→ **Collected data entries**
++++++++++
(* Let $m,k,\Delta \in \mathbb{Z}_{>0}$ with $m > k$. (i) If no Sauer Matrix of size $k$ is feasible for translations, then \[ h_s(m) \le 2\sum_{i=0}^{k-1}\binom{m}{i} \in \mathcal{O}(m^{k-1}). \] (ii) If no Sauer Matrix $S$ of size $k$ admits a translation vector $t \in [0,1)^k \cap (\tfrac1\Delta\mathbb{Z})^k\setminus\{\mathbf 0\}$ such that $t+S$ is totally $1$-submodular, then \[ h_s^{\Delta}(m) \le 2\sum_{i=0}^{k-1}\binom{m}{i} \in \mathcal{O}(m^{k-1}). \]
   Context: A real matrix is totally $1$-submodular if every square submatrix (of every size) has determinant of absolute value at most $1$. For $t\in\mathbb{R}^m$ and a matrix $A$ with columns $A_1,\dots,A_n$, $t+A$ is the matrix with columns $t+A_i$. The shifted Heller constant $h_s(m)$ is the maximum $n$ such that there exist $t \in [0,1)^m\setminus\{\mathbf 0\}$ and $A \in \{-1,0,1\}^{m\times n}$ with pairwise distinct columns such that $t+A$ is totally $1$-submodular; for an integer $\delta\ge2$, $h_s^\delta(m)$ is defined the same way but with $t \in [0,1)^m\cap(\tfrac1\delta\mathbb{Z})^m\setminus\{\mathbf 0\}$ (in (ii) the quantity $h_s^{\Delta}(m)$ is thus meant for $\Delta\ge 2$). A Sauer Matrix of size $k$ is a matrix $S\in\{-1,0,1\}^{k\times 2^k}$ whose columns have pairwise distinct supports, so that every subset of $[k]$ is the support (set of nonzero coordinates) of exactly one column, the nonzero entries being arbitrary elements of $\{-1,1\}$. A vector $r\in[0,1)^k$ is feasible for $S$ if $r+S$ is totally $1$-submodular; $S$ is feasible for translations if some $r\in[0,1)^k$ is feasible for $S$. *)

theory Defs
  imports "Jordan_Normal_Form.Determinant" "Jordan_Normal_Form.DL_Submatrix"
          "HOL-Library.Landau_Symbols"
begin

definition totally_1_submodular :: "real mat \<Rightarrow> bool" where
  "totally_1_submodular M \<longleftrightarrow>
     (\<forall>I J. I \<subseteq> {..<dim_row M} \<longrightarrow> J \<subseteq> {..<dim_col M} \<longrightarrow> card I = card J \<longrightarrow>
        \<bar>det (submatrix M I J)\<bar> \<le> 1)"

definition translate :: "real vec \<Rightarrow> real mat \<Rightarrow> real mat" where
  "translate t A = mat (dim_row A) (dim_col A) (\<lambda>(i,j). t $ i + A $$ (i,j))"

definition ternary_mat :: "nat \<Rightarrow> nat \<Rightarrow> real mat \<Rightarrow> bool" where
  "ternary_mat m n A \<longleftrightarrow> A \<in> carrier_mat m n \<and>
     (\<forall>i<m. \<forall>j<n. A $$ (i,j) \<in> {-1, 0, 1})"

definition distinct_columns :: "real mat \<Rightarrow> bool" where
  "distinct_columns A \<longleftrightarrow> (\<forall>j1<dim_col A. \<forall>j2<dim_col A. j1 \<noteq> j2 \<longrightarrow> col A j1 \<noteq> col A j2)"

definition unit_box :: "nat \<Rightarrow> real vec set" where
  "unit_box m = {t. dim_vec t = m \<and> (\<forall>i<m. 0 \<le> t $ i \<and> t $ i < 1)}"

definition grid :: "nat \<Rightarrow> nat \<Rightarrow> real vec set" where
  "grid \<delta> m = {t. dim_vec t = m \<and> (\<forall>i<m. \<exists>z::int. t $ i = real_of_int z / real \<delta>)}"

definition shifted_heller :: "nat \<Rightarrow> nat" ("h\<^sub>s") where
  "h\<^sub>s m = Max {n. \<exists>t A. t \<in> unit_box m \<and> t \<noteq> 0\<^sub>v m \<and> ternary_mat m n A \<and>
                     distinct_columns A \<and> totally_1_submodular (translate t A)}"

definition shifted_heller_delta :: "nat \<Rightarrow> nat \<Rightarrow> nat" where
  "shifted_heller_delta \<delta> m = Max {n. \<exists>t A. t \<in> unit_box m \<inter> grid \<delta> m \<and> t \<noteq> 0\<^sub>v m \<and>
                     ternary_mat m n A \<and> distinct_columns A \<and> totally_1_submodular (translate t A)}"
++++++++++
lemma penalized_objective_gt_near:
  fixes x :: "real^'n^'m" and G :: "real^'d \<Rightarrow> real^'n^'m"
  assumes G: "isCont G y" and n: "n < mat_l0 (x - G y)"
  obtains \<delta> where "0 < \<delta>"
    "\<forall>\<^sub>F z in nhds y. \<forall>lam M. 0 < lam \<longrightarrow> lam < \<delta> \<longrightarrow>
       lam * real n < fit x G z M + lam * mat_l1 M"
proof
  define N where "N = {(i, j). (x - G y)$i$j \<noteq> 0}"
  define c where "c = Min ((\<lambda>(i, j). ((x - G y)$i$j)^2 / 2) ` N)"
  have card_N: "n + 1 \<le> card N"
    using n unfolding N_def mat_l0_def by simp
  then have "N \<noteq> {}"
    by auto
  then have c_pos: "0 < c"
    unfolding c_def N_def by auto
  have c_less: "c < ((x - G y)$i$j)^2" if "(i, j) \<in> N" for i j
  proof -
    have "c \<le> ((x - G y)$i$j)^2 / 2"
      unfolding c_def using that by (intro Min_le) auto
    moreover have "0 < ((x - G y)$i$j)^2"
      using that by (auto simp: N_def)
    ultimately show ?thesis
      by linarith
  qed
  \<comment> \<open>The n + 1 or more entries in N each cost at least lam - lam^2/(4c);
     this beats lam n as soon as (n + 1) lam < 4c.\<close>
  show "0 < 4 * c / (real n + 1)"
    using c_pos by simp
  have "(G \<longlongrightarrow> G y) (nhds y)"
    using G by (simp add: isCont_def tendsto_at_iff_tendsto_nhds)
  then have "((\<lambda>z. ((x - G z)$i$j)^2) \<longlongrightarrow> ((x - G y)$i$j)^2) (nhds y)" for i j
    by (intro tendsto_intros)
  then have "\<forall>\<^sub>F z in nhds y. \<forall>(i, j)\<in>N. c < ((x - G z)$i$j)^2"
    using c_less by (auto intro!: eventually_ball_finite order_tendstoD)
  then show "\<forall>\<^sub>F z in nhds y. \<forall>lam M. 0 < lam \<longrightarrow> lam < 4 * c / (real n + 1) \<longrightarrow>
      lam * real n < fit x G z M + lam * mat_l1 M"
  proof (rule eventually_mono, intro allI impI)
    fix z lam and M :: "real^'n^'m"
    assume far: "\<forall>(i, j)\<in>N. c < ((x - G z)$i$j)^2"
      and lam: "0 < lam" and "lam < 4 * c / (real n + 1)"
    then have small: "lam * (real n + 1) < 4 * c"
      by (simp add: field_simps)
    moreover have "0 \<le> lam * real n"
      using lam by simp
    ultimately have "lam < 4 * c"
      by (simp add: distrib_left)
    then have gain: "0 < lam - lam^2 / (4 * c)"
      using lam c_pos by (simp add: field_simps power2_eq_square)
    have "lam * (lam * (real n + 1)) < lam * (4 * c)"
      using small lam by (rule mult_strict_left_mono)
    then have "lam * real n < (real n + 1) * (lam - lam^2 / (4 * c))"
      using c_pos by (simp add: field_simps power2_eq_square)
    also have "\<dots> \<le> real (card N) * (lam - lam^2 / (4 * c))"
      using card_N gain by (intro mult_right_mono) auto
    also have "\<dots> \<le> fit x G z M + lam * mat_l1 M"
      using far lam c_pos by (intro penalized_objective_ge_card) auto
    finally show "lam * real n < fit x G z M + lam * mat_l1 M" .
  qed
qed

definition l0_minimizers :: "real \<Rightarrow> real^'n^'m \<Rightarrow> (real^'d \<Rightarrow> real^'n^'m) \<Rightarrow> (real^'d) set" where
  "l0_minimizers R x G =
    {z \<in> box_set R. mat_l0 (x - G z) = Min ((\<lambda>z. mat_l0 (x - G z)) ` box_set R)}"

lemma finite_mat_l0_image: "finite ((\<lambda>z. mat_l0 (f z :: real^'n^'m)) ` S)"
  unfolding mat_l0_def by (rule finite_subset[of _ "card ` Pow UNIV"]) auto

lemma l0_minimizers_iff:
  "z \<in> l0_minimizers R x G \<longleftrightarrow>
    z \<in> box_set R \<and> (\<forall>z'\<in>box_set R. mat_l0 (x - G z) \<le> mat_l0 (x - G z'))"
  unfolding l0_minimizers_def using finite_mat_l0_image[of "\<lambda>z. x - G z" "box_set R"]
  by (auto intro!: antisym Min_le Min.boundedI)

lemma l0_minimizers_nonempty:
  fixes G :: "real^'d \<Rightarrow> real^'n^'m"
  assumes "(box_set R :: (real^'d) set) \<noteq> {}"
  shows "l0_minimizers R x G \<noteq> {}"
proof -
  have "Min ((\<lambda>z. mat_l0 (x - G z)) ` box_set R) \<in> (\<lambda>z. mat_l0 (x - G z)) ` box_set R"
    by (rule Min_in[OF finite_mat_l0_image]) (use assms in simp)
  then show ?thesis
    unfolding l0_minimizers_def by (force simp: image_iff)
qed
++++++++++
→ **ACTIVITY**
Every line above from the line with "using lam by simp" to the line with "real n < (real", both included, must be reproduced exactly, and no other line may appear.

→ **TASK ANSWER**
      using lam by simp
    ultimately have "lam < 4 * c"
      by (simp add: distrib_left)
    then have gain: "0 < lam - lam^2 / (4 * c)"
      using lam c_pos by (simp add: field_simps power2_eq_square)
    have "lam * (lam * (real n + 1)) < lam * (4 * c)"
      using small lam by (rule mult_strict_left_mono)
    then have "lam * real n < (real n + 1) * (lam - lam^2 / (4 * c))"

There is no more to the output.